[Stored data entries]
(* Let $\alpha\in(0,1)$, $\theta=\alpha/2$, and let $0=t_0<\cdots<t_N=T$ be a time mesh with $\tau_k=t_k-t_{k-1}$ and $r_k=\tau_k/\tau_{k-1}$. Define $\beta_k:=\frac{2(1-\alpha/2)r_k}{1+\alpha+(1-\alpha/2)r_k}$ for $k\ge2$. Then, for $n\ge2$: (i) $I^{(n)}_{n-k}>(1+\beta_{k+1})\zeta^{(n)}_{n-k}$ for $1\le k\le n-1$, and $I^{(n)}_{n-k}-(1+\beta_{k+1})\zeta^{(n)}_{n-k}<I^{(n-1)}_{n-k-1}-(1+\beta_{k+1})\zeta^{(n-1)}_{n-k-1}$ for $1\le k\le n-2$; (ii) $J^{(n)}_{n-k}>3\zeta^{(n)}_{n-k}$ for $1\le k\le n-1$, and $J^{(n)}_{n-k}-3\zeta^{(n)}_{n-k}<J^{(n-1)}_{n-k-1}-3\zeta^{(n-1)}_{n-k-1}$ for $1\le k\le n-2$; (iii) $r_n\zeta^{(n)}_1<\frac{\alpha}{3(2-\alpha)}\varpi_n'(t_{n-1})$.
   Context: $\omega_\beta(t)=t^{\beta-1}/\Gamma(\beta)$; $t_{n-\theta}=\theta t_{n-1}+(1-\theta)t_n$; $\varpi_n'(t):=\omega_{1-\alpha}(t_{n-\theta}-t)$ and $\varpi_n''(t):=\frac{d}{dt}\varpi_n'(t)$ for $0\le t<t_{n-\theta}$. For $1\le k\le n$: $\zeta^{(n)}_{n-k}:=\frac{2}{\tau_k^2}\int_{t_{k-1}}^{t_k}\big(s-\frac{t_{k-1}+t_k}{2}\big)\varpi_n'(s)\,ds$. For $1\le k\le n-1$: $$I^{(n)}_{n-k}:=\int_{t_{k-1}}^{t_k}\frac{t_k-t}{\tau_k}\varpi_n''(t)\,dt,\qquad J^{(n)}_{n-k}:=\int_{t_{k-1}}^{t_k}\frac{t-t_{k-1}}{\tau_k}\varpi_n''(t)\,dt.$$ *)

theory Defs
  imports "HOL-Analysis.Analysis"
begin

definition omega :: "real \<Rightarrow> real \<Rightarrow> real" where
  "omega \<beta> s = s powr (\<beta> - 1) / Gamma \<beta>"

definition tau :: "(nat \<Rightarrow> real) \<Rightarrow> nat \<Rightarrow> real" where
  "tau t k = t k - t (k - 1)"

definition ratio :: "(nat \<Rightarrow> real) \<Rightarrow> nat \<Rightarrow> real" where
  "ratio t k = tau t k / tau t (k - 1)"

definition tshift :: "(nat \<Rightarrow> real) \<Rightarrow> real \<Rightarrow> nat \<Rightarrow> real" where
  "tshift t \<theta> n = \<theta> * t (n - 1) + (1 - \<theta>) * t n"

definition varpi1 :: "(nat \<Rightarrow> real) \<Rightarrow> real \<Rightarrow> nat \<Rightarrow> real \<Rightarrow> real" where
  "varpi1 t \<alpha> n s = omega (1 - \<alpha>) (tshift t (\<alpha>/2) n - s)"

definition varpi2 :: "(nat \<Rightarrow> real) \<Rightarrow> real \<Rightarrow> nat \<Rightarrow> real \<Rightarrow> real" where
  "varpi2 t \<alpha> n s = deriv (varpi1 t \<alpha> n) s"

(* zeta^{(n)}_{n-k} *)
definition zeta :: "(nat \<Rightarrow> real) \<Rightarrow> real \<Rightarrow> nat \<Rightarrow> nat \<Rightarrow> real" where
  "zeta t \<alpha> n k = 2 / (tau t k)^2 *
     integral {t (k - 1)..t k} (\<lambda>s. (s - (t (k - 1) + t k) / 2) * varpi1 t \<alpha> n s)"

(* I^{(n)}_{n-k} *)
definition Iint :: "(nat \<Rightarrow> real) \<Rightarrow> real \<Rightarrow> nat \<Rightarrow> nat \<Rightarrow> real" where
  "Iint t \<alpha> n k = integral {t (k - 1)..t k} (\<lambda>s. (t k - s) / tau t k * varpi2 t \<alpha> n s)"

(* J^{(n)}_{n-k} *)
definition Jint :: "(nat \<Rightarrow> real) \<Rightarrow> real \<Rightarrow> nat \<Rightarrow> nat \<Rightarrow> real" where
  "Jint t \<alpha> n k = integral {t (k - 1)..t k} (\<lambda>s. (s - t (k - 1)) / tau t k * varpi2 t \<alpha> n s)"

definition betak :: "(nat \<Rightarrow> real) \<Rightarrow> real \<Rightarrow> nat \<Rightarrow> real" where
  "betak t \<alpha> k = 2 * (1 - \<alpha>/2) * ratio t k / (1 + \<alpha> + (1 - \<alpha>/2) * ratio t k)"

end

theory Submission
  imports Defs
begin

text \<open>On a mesh cell \<open>[p, q] = [t\<^sub>k\<^sub>-\<^sub>1, t\<^sub>k]\<close> to the left of \<open>T = t\<^sub>n\<^sub>-\<^sub>\<theta>\<close>, the kernel
  \<open>\<varpi>\<^sub>n''\<close> is \<open>\<alpha>/\<Gamma>(1-\<alpha>) (T - s)\<^sup>-\<^sup>\<alpha>\<^sup>-\<^sup>1\<close>, and integrating by parts against
  \<open>(s - p) (q - s)\<close> expresses \<open>\<zeta>\<close> through the same weight. Hence \<open>I - (1 + \<beta>) \<zeta>\<close> and
  \<open>J - 3 \<zeta>\<close> are positive multiples of \<open>\<integral> K(s) (T - s)\<^sup>-\<^sup>\<alpha>\<^sup>-\<^sup>1 ds\<close> for explicit quadratics
  \<open>K\<close>, each changing sign once on \<open>[p, q]\<close>, at \<open>s\<^sub>0\<close> say. If the quotient of two weights
  \<open>w/v\<close> is monotone in the matching direction, then \<open>K (w - (w/v)(s\<^sub>0) v) \<ge> 0\<close>, so
  \<open>\<integral> K w \<ge> (w/v)(s\<^sub>0) \<integral> K v\<close>. For \<open>J\<close> take \<open>v = 1\<close>, against which \<open>K\<close> integrates to
  zero; for \<open>I\<close>, after raising \<open>\<beta>\<close> to its largest admissible value, take
  \<open>v = (T - s)\<^sup>-\<^sup>2\<close> or \<open>(T - s)\<^sup>-\<^sup>3\<close>, against which the integral has a closed form that
  rational bounds for \<open>ln\<close> show to be positive. Monotonicity in \<open>n\<close>
  holds because the \<open>T\<close>-derivative of \<open>\<integral> K(s) (T - s)\<^sup>-\<^sup>\<gamma> ds\<close> is \<open>-\<gamma>\<close> times the same
  integral with exponent \<open>\<gamma> + 1\<close>, which is again positive. Part (iii) bounds the weight by
  its value at \<open>s = t\<^sub>n\<^sub>-\<^sub>1\<close>.\<close>

lemma has_integral_of_real_derivative:
  fixes F f :: "real \<Rightarrow> real"
  assumes "a \<le> b" "\<And>x. x \<in> {a..b} \<Longrightarrow> (F has_real_derivative f x) (at x)"
  shows "(f has_integral (F b - F a)) {a..b}"
  by (rule fundamental_theorem_of_calculus[OF assms(1)])
     (meson assms(2) has_real_derivative_iff_has_vector_derivative has_vector_derivative_at_within)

> **Work to be completed**
Retype the records above, but only those lines that fall between the line containing "closed form that" and the line containing "rational bounds for", with both of those lines included, exactly as written.

> **Written solution**
  \<open>v = (T - s)\<^sup>-\<^sup>2\<close> or \<open>(T - s)\<^sup>-\<^sup>3\<close>, against which the integral has a closed form that
  rational bounds for \<open>ln\<close> show to be positive. Monotonicity in \<open>n\<close>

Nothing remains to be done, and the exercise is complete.